Ersun Yanal’la ciddi toparlanma emareleri izleten Antalya geriye de düşse demoralize olmuyor, pes etmeden aramaya devam ediyor artık. Dün de öyle yaptılar. Podolski’nin 61’de attığı gol tam usta işi. Maçın tansiyonunu birden tavana çıkardı. Rize daha çok kapandı. Antalya çok zorladı, çok da yaklaştı. Ancak kaleci Gökhan, Karadeniz ekibini ayakta tutan isimdi. Hep derler ‘iyi kaleci 1 puandır’ diye. Rize için dün gece Gökhan bence 3 puandı. Poldi’nin füzesine bile dokundu ama önleyemedi. Rize hedef için belirleyici olacak bir maçı kazandı.
‘’Horoz artık susmuyor‘’
Denizlispor, lider Alanya’dan sonra deplasmanda Erzurum’a da şans tanımadı. Yeşil-Siyahlılar, Rodallega’nın dublesiyle sahadan 2-1 galibiyetle ayrılırken takımın yeni hocası Yalçın Koşukavak’la çıktığı iki maçta iki galibiyet alarak ateş hattından kurtulma yolunda dev bir adım attı.
Tehlikeli bölgeden bir an önce kurtulmak isteyen iki takımın maçı olunca haliyle tempo, mücadele, tansiyon ve heyecan yüksek. Denizlispor için lider karşısında Yalçın Koşukavak’la çıkılan ilk maçta alınan galibiyet büyük özgüven. Bu yüzden olsa gerek aynı kadro, aynı plan, hatta aynı formayla çıktı Horozlar Erzurum deplasmanına. Haftalardır kazanamayan, üstüne bir de hocasız kalan ev sahibi çift forvetle başladı. Denizli adına riskle başlayan rakibe karşı daha fazla fırsat demek bu. Nitekim öyle oldu. Rodallega önce stoper Osman’ı, ardından da kaleci Kayacan’ı yatırıp tabelaya 1-0’ı yazdı. Erzurum her zamanki gibi yetenekli ama şuursuz hücumlarla sonuç ararken Hugo 55’te bu kez 2-0’ı yaptı.
4 dakika uzatma mı!
Erzurum’un silkinmesi, kendine gelmesi için illa ki maçın imkansız hale girmesi gerek. Emrah hamlesiyle zenginlik kazanan hücum yine Emrah’ın bireysel becerisi ve mükemmel vuruşuyla golü buldu. Bu andan itibaren tam bir pozisyon düellosuna döndü ortalık. Erzurum iki kez direğe iki kez de kaleciye takılırken Denizli ise Rodallega ve Sagal’la maçı koparma şansını kullanamadı. Hüseyin Göçek de 4 dakika uzatmayla heyecan fırtınasını kısa kesince Horoz üst üste ikinci zaferini kazandı.

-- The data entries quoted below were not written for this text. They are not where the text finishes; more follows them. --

text \<open>Transversal hyperplanes belong to commuting reflections: otherwise \<open>s s' s\<close> would be a
  third reflection whose hyperplane contains \<open>H\<^sub>s \<inter> H\<^sub>s\<^sub>'\<close>.\<close>
lemma transversal_commute:
  assumes s: "s \<in> Refl" and s': "s' \<in> Refl" and tr: "transversal s s'"
  shows "s ** s' = s' ** s"
proof (rule ccontr)
  assume noncomm: "s ** s' \<noteq> s' ** s"
  let ?r = "s ** s' ** s"
  have r: "?r \<in> Refl" using wconj_Refl[OF Refl_WH3[OF s] s'] Refl_wconj_self[OF s] by simp
  have "Hyp s \<inter> Hyp s' \<subseteq> Hyp ?r"
    by (auto simp: Fix_def matrix_vector_mul_assoc[symmetric])
  then have "?r = s \<or> ?r = s'"
    using tr r Refl_Fix_inj[OF r s] Refl_Fix_inj[OF r s'] unfolding transversal_def by blast
  moreover have "?r \<noteq> s"
  proof
    assume "?r = s"
    have "s' = (s ** s) ** s' ** (s ** s)" using Refl_involution[OF s] by simp
    also have "\<dots> = s ** ?r ** s" by (simp add: matrix_mul_assoc)
    also have "\<dots> = s" using \<open>?r = s\<close> Refl_involution[OF s] by (simp add: matrix_mul_assoc)
    finally show False using tr by (simp add: transversal_def)
  qed
  moreover have "?r \<noteq> s'"
  proof
    assume "?r = s'"
    then have "s' ** s = s ** s' ** (s ** s)" by (simp add: matrix_mul_assoc)
    then show False using noncomm Refl_involution[OF s] by simp
  qed
  ultimately show False by blast
qed

text \<open>Conversely distinct commuting reflections are transversal (by the certified edge vectors);
  hence a noncrossing edge is spanned by noncommuting reflections.\<close>
lemma commute_transversal:
  assumes s: "s \<in> Refl" and s': "s' \<in> Refl" and ne: "s \<noteq> s'" and comm: "s ** s' = s' ** s"
  shows "transversal s s'"
proof -
  obtain i j where ij: "i < 15" "j < 15" "s = rmat i" "s' = rmat j" using Refl_cases s s' by metis
  have "i \<noteq> j" "conj_table!i!j = j" using ne comm rmat_commute_iff[OF ij(1,2)] ij by auto
  then obtain e where e: "rmat i *v e = e" "rmat j *v e = e"
    and off: "\<And>k. k < 15 \<Longrightarrow> k \<noteq> i \<Longrightarrow> k \<noteq> j \<Longrightarrow> rmat k *v e \<noteq> e"
    using rmat_edge[OF ij(1,2)] by blast
  show ?thesis unfolding transversal_def
  proof (intro conjI ballI impI)
    show "Hyp s \<noteq> Hyp s'" using Refl_Fix_inj[OF s s'] ne by blast
    fix r assume r: "r \<in> Refl" and sub: "Hyp s \<inter> Hyp s' \<subseteq> Hyp r"
    obtain k where k: "k < 15" "r = rmat k" using Refl_cases r by metis
    have "rmat k *v e = e" using e sub k ij by (auto simp: Fix_def)
    then show "Hyp r = Hyp s \<or> Hyp r = Hyp s'" using off k ij by blast
  qed
qed

lemma noncrossing_not_commute:
  "s \<in> Refl \<Longrightarrow> s' \<in> Refl \<Longrightarrow> s \<noteq> s' \<Longrightarrow> noncrossing_edge (Hyp s \<inter> Hyp s') \<Longrightarrow> s ** s' \<noteq> s' ** s"
  using commute_transversal unfolding noncrossing_edge_def crossing_edge_def by blast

‘’Yeni Malatya Paşalar gibi...‘’
Yeni Malatyaspor dizilişin değil, sahaya nasıl yayıldığının önemli olduğunu en iyi anlatan takım. Hücum özelliği yüksek oyuncuların, gizli kalan savunma özelliklerini ortaya çıkarmayı başaran ve rakiplerini aldatarak deviren bir anlayış bu. İstediğiniz kadar ‘Hamza hoca 5 forvetle oynuyor’ sanın. Adem Büyük, 19 ikili mücadeleye giriyor, 4 pas arası yapıyor. 3 top kapmayla oynuyor. Umut Bulut 10 ikili mücadele kazanıyor, Kubilay sahanın en çok koşan, yani rakibe baskı yapan ismi. 11 kişi doğru savunma yaptığında, skoru değiştirme yetisi fazla olan oyuncularla 3 puanı almak da zor olmuyor. Fenerbahçe deplasmanında öyle kazandılar, dün de Kasımpaşa’yı aynı şekilde çaresiz bıraktılar. Kasımpaşa yüzde 63 topla oynamış, rakibinin iki katı kadar pas yapmış. Tabelaya yansımayan istastistiklerle ancak kendinizi kandırırsınız.
Kötüler ayıklanıyor!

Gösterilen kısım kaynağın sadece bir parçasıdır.